The camp's first session in 1996 was not as successful as the officers had hoped; the close relations that they established with the youngsters created problems with authority. "There was no strict line they knew not to cross," said Henderson. So the 1997 camp was "a much more disciplined, in-your-face kind of thing." Rules and regulations were drawn up and studied along with the consequences for breaking them; the creed postulating respect, honor, loyalty, and hope had to be memorized within the first week and recited daily. Participants were only allowed out of their homes to attend camp, their whereabouts being monitored around the clock by electronic devices strapped around their ankles.

They were awoken daily at 7 a.m. and were expected to be at the probation office 45 minutes later. For 90 minutes they did calisthenics and jogged three to eight miles. The staff of three men and two women accompanied them throughout their drills. Team-building exercises followed. Returning to the classroom, they discussed newspaper articles&emdash;preferably on topics they could identify with and relate to&emdash;read aloud by group members. They were instructed in grammar and writing, black history, sex education, drug and alcohol education, and life skills. Each Friday they performed community service, either at the Senior Community Center in Chester, where they prepared and served meals and cleaned, or out in the streets of the town picking up trash or cleaning the municipal buildings. Points were assigned daily for positive or negative behavior; at the end of each week, the points were added up, and armbands of various colors were distributed. Red, black, and green designated various levels of achievement, and one of each was required to graduate. The campers were serious about earning their armbands; when on one occasion two of them lost their bands because of bad behavior, Henderson says, "It was like the end of the world for them. They had earned something, and we took it away. They saw it as something worthwhile." At boot camp's end, eight graduated; two were placed in rehab facilities after repeatedly breaking the rules. Some are in school, others are working, and three of the original group reoffended.

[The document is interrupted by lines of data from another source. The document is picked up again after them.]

definition gdist :: "'a set \<Rightarrow> ('a \<Rightarrow> 'a \<Rightarrow> bool) \<Rightarrow> 'a \<Rightarrow> 'a \<Rightarrow> nat" where
  "gdist V Adj u v = (LEAST n. \<exists>p. walk_betw V Adj u p v \<and> length p = Suc n)"

definition diam :: "'a set \<Rightarrow> ('a \<Rightarrow> 'a \<Rightarrow> bool) \<Rightarrow> nat" where
  "diam V Adj = Max {gdist V Adj u v | u v. u \<in> V \<and> v \<in> V}"

definition geodesic :: "'a set \<Rightarrow> ('a \<Rightarrow> 'a \<Rightarrow> bool) \<Rightarrow> 'a list \<Rightarrow> bool" where
  "geodesic V Adj p \<longleftrightarrow> walk V Adj p \<and> length p = Suc (gdist V Adj (hd p) (last p))"

definition gp_set :: "'a set \<Rightarrow> ('a \<Rightarrow> 'a \<Rightarrow> bool) \<Rightarrow> 'a set \<Rightarrow> bool" where
  "gp_set V Adj S \<longleftrightarrow> S \<subseteq> V \<and>
     (\<forall>x\<in>S. \<forall>y\<in>S. \<forall>z\<in>S. x \<noteq> y \<and> y \<noteq> z \<and> x \<noteq> z \<longrightarrow>
        \<not> (\<exists>p. geodesic V Adj p \<and> {x, y, z} \<subseteq> set p))"

definition gp :: "'a set \<Rightarrow> ('a \<Rightarrow> 'a \<Rightarrow> bool) \<Rightarrow> nat" where
  "gp V Adj = Max {card S | S. gp_set V Adj S}"

definition edges :: "'a set \<Rightarrow> ('a \<Rightarrow> 'a \<Rightarrow> bool) \<Rightarrow> 'a set set" where
  "edges V Adj = {{u, v} | u v. Adj u v}"

definition edge_dist :: "'a set \<Rightarrow> ('a \<Rightarrow> 'a \<Rightarrow> bool) \<Rightarrow> 'a set \<Rightarrow> 'a set \<Rightarrow> nat" where
  "edge_dist V Adj e f = Min {gdist V Adj x y | x y. x \<in> e \<and> y \<in> f}"

end

theory Submission imports Defs begin

text \<open>Let S be the set of endpoints of the edges in F. Three distinct vertices of S on a common
  geodesic, in this order, cannot all lie in one edge, so two consecutive ones lie in different
  edges of F and are at distance at least k; the other consecutive pair is at distance at least 1,
  so the outer two are at distance greater than k = diam G, which is impossible. Hence S is in
  general position. The edges of F are pairwise disjoint because k > 0, so S has 2|F| vertices.\<close>

lemma walk_append:
  assumes "walk V Adj p" "walk V Adj q" "Adj (last p) (hd q)"
  shows "walk V Adj (p @ q)"
  unfolding walk_def
proof (intro conjI allI impI)
  show "p @ q \<noteq> []" "set (p @ q) \<subseteq> V" using assms(1,2) by (auto simp: walk_def)
  fix i assume i: "Suc i < length (p @ q)"
  have "p \<noteq> []" "q \<noteq> []" using assms by (auto simp: walk_def)
  consider "Suc i < length p" | "Suc i = length p" | "length p \<le> i" by linarith
  then show "Adj ((p @ q) ! i) ((p @ q) ! Suc i)"
  proof cases
    case 1 then show ?thesis using assms(1) by (simp add: walk_def nth_append)
  next
    case 2
    then have "i = length p - 1" by simp
    then show ?thesis using assms(3) \<open>p \<noteq> []\<close> \<open>q \<noteq> []\<close>
      by (simp add: nth_append last_conv_nth hd_conv_nth)
  next
    case 3
    then have "Suc (i - length p) < length q" using i by simp
    then show ?thesis using assms(2) 3 by (simp add: walk_def nth_append Suc_diff_le)
  qed
qed

lemma walk_betw_append:
  assumes "walk_betw V Adj u p v" "walk_betw V Adj v q w"
  shows "walk_betw V Adj u (p @ tl q) w" "length (p @ tl q) = length p + length q - 1"
proof -
  obtain x q' where q: "q = x # q'" and "x = v"
    using assms(2) by (cases q) (auto simp: walk_betw_def walk_def)
  show "length (p @ tl q) = length p + length q - 1" using q by simp
  show "walk_betw V Adj u (p @ tl q) w"
  proof (cases "q' = []")
    case True then show ?thesis using assms q \<open>x = v\<close> by (auto simp: walk_betw_def)
  next
    case False
    have wq: "walk V Adj q" using assms(2) by (simp add: walk_betw_def)
    have "walk V Adj q'"
      using wq False unfolding q walk_def by (auto simp del: nth_Cons_Suc)
    moreover have "Adj (q ! 0) (q ! 1)"
      using wq False unfolding q walk_def by auto
    then have "Adj (last p) (hd q')"
      using False assms(1) q \<open>x = v\<close> by (simp add: walk_betw_def hd_conv_nth)
    ultimately have "walk V Adj (p @ q')"
      using assms(1) walk_append unfolding walk_betw_def by blast
    then show ?thesis using assms False unfolding q walk_betw_def walk_def by simp
  qed
qed

lemma walk_betw_subwalk:
  assumes "walk V Adj p" "a \<le> b" "b < length p"
  shows "walk_betw V Adj (p ! a) (take (Suc (b - a)) (drop a p)) (p ! b)"
proof -
  let ?q = "take (Suc (b - a)) (drop a p)"
  have "walk V Adj ?q"
    unfolding walk_def
  proof (intro conjI allI impI)
    show "?q \<noteq> []" using assms by simp
    show "set ?q \<subseteq> V" using assms(1) unfolding walk_def
      by (meson order_trans set_drop_subset set_take_subset)
    fix i assume "Suc i < length ?q"
    then have "Suc (a + i) < length p" "i < b - a" using assms by auto
    then show "Adj (?q ! i) (?q ! Suc i)" using assms(1) by (simp add: walk_def)
  qed
  moreover have "length ?q = Suc (b - a)" using assms by simp
  then have "last ?q = p ! b" using assms by (simp add: last_conv_nth)
  ultimately show ?thesis using assms by (simp add: walk_betw_def hd_conv_nth)
qed
(* In the setting below, for every nonempty $A\subseteq[n]$: \[ \Pr_{\psi\sim\Psi}\big(\exists q\in\mathbb Z,\ 0\le q\le q_{\max}:\ |Y_c(\psi,q)-|A||>\varepsilon|A|\big)\le\tfrac1{16}. \]
   Context: $[N]:=\{0,\dots,N-1\}$. Fix integers $n\ge1$ and real $0<\varepsilon<1$. Let $b:=2^{\lceil\log_2(9\cdot 2^{23}\varepsilon^{-2})\rceil}$ and $k:=\lceil\tfrac{15}{2}\ln b+16\rceil$. Hash families: for $d\ge1$, identify $[2^d]$ with $\mathrm{GF}(2^d)$ via binary representation. For $k'\ge1$, $N\le 2^d$, $c\le d$, $\mathcal H_{k'}([N],[2^c])$ is the uniform distribution over tuples $(a_0,\dots,a_{k'-1})\in\mathrm{GF}(2^d)^{k'}$, each giving $x\mapsto(\sum_ia_ix^i)\bmod 2^c$ on $[N]$; $\mathcal G_{k'}([N])$ is uniform over the same tuples giving $x\mapsto\mathrm{tz}(\sum_ia_ix^i)$, $\mathrm{tz}(y)$ = number of trailing zeros of the $d$-bit representation of $y$ ($\mathrm{tz}(0)=d$). Here $d$ is a fixed integer with $2^d\ge N$, $d\ge c$. $\Psi:=\mathcal G_2([n])\times\mathcal H_2([n],[2^5b^2])\times\mathcal H_k([2^5b^2],[b])$ with the uniform product distribution; $\psi=(f,g,h)$. For fixed nonempty $A\subseteq[n]$: $\tau_0(\psi)[j]:=\max(\{f(a):a\in A,\ h(g(a))=j\}\cup\{-1\})$ for $j\in[b]$; $\tau_1(\psi,q)[j]:=\max(\tau_0(\psi)[j]-q,-1)$; $t_c(\psi,q):=\max_{j\in[b]}(\tau_1(\psi,q)[j]+q)-\log_2b+9$; $s_c(\psi,q):=\max(0,t_c(\psi,q))$; $p_c(\psi,q):=|\{j\in[b]:\tau_1(\psi,q)[j]+q\ge s_c(\psi,q)\}|$; $\rho^{-1}(p):=\ln(1-p/b)/\ln(1-1/b)$ for $0\le p<b$; $Y_c(\psi,q):=2^{s_c(\psi,q)}\rho^{-1}(p_c(\psi,q))$, with $Y_c:=+\infty$ if $p_c=b$; $q_{\max}:=\max(0,\lceil\log_2|A|\rceil-\log_2b)$. *)

theory Defs
  imports "HOL-Library.Z2" "HOL-Computational_Algebra.Polynomial"
          "HOL-Probability.Probability"
begin

text \<open>An element x of [2^d] is identified with the GF(2)-polynomial whose
 i-th coefficient is the i-th bit of x; GF(2^d) = GF(2)[X]/(P) for an
 irreducible P of degree d (the modulus is a parameter).\<close>

definition to_gf2poly :: "nat \<Rightarrow> bit poly" where
  "to_gf2poly x = Poly (map (\<lambda>i. if odd (x div 2 ^ i) then 1 else 0) [0..<Suc x])"

definition from_gf2poly :: "bit poly \<Rightarrow> nat" where
  "from_gf2poly p = (\<Sum>i\<le>degree p. if coeff p i = 1 then 2 ^ i else 0)"

definition gf_poly_eval :: "bit poly \<Rightarrow> nat list \<Rightarrow> nat \<Rightarrow> nat" where
  "gf_poly_eval P as x =
     from_gf2poly ((\<Sum>i<length as. to_gf2poly (as ! i) * to_gf2poly x ^ i) mod P)"

definition tz :: "nat \<Rightarrow> nat \<Rightarrow> nat" where
  "tz d y = (if y = 0 then d else (LEAST i. odd (y div 2 ^ i)))"

definition seeds :: "nat \<Rightarrow> nat \<Rightarrow> nat list set" where
  "seeds d k' = {as. length as = k' \<and> set as \<subseteq> {..<2 ^ d}}"

definition hash_H :: "bit poly \<Rightarrow> nat \<Rightarrow> nat list \<Rightarrow> nat \<Rightarrow> nat" where
  "hash_H P c as x = gf_poly_eval P as x mod 2 ^ c"

definition hash_G :: "bit poly \<Rightarrow> nat \<Rightarrow> nat list \<Rightarrow> nat \<Rightarrow> nat" where
  "hash_G P d as x = tz d (gf_poly_eval P as x)"

definition b_exp :: "real \<Rightarrow> nat" where
  "b_exp \<epsilon> = nat \<lceil>log 2 (9 * 2 ^ 23 / \<epsilon>\<^sup>2)\<rceil>"

definition b_of :: "real \<Rightarrow> nat" where
  "b_of \<epsilon> = 2 ^ b_exp \<epsilon>"

definition k_of :: "real \<Rightarrow> nat" where
  "k_of \<epsilon> = nat \<lceil>15 / 2 * ln (real (b_of \<epsilon>)) + 16\<rceil>"

text \<open>A seed psi = (f,g,h) given as hash functions.\<close>

definition tau0 :: "nat set \<Rightarrow> (nat \<Rightarrow> nat) \<Rightarrow> (nat \<Rightarrow> nat) \<Rightarrow> (nat \<Rightarrow> nat) \<Rightarrow> nat \<Rightarrow> int" where
  "tau0 A f g h j = Max ({int (f a) | a. a \<in> A \<and> h (g a) = j} \<union> {-1})"

definition tau1 :: "nat set \<Rightarrow> (nat \<Rightarrow> nat) \<Rightarrow> (nat \<Rightarrow> nat) \<Rightarrow> (nat \<Rightarrow> nat) \<Rightarrow> int \<Rightarrow> nat \<Rightarrow> int" where
  "tau1 A f g h q j = max (tau0 A f g h j - q) (-1)"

As an after-care officer who supervizes the young felons when they come out of placement, Henderson has seen juveniles come out of an intensely structured environment only to be thrown back into a living situation that has very little structure. And as a probation officer seeing the youngsters three times a week for a few minutes at a time, he knows that this is by no means sufficient for him to effect a change or reinforce what has been instilled during the period of placement. He believes that the boot camp gives the juveniles an opportunity to change for the better within their community and so is more likely to have a lasting effect on their behavior. "With placement," he says, "they feel the only place they can change is outside the community; this [the camp experience] gives them energy when they see that change can occur on their own turf."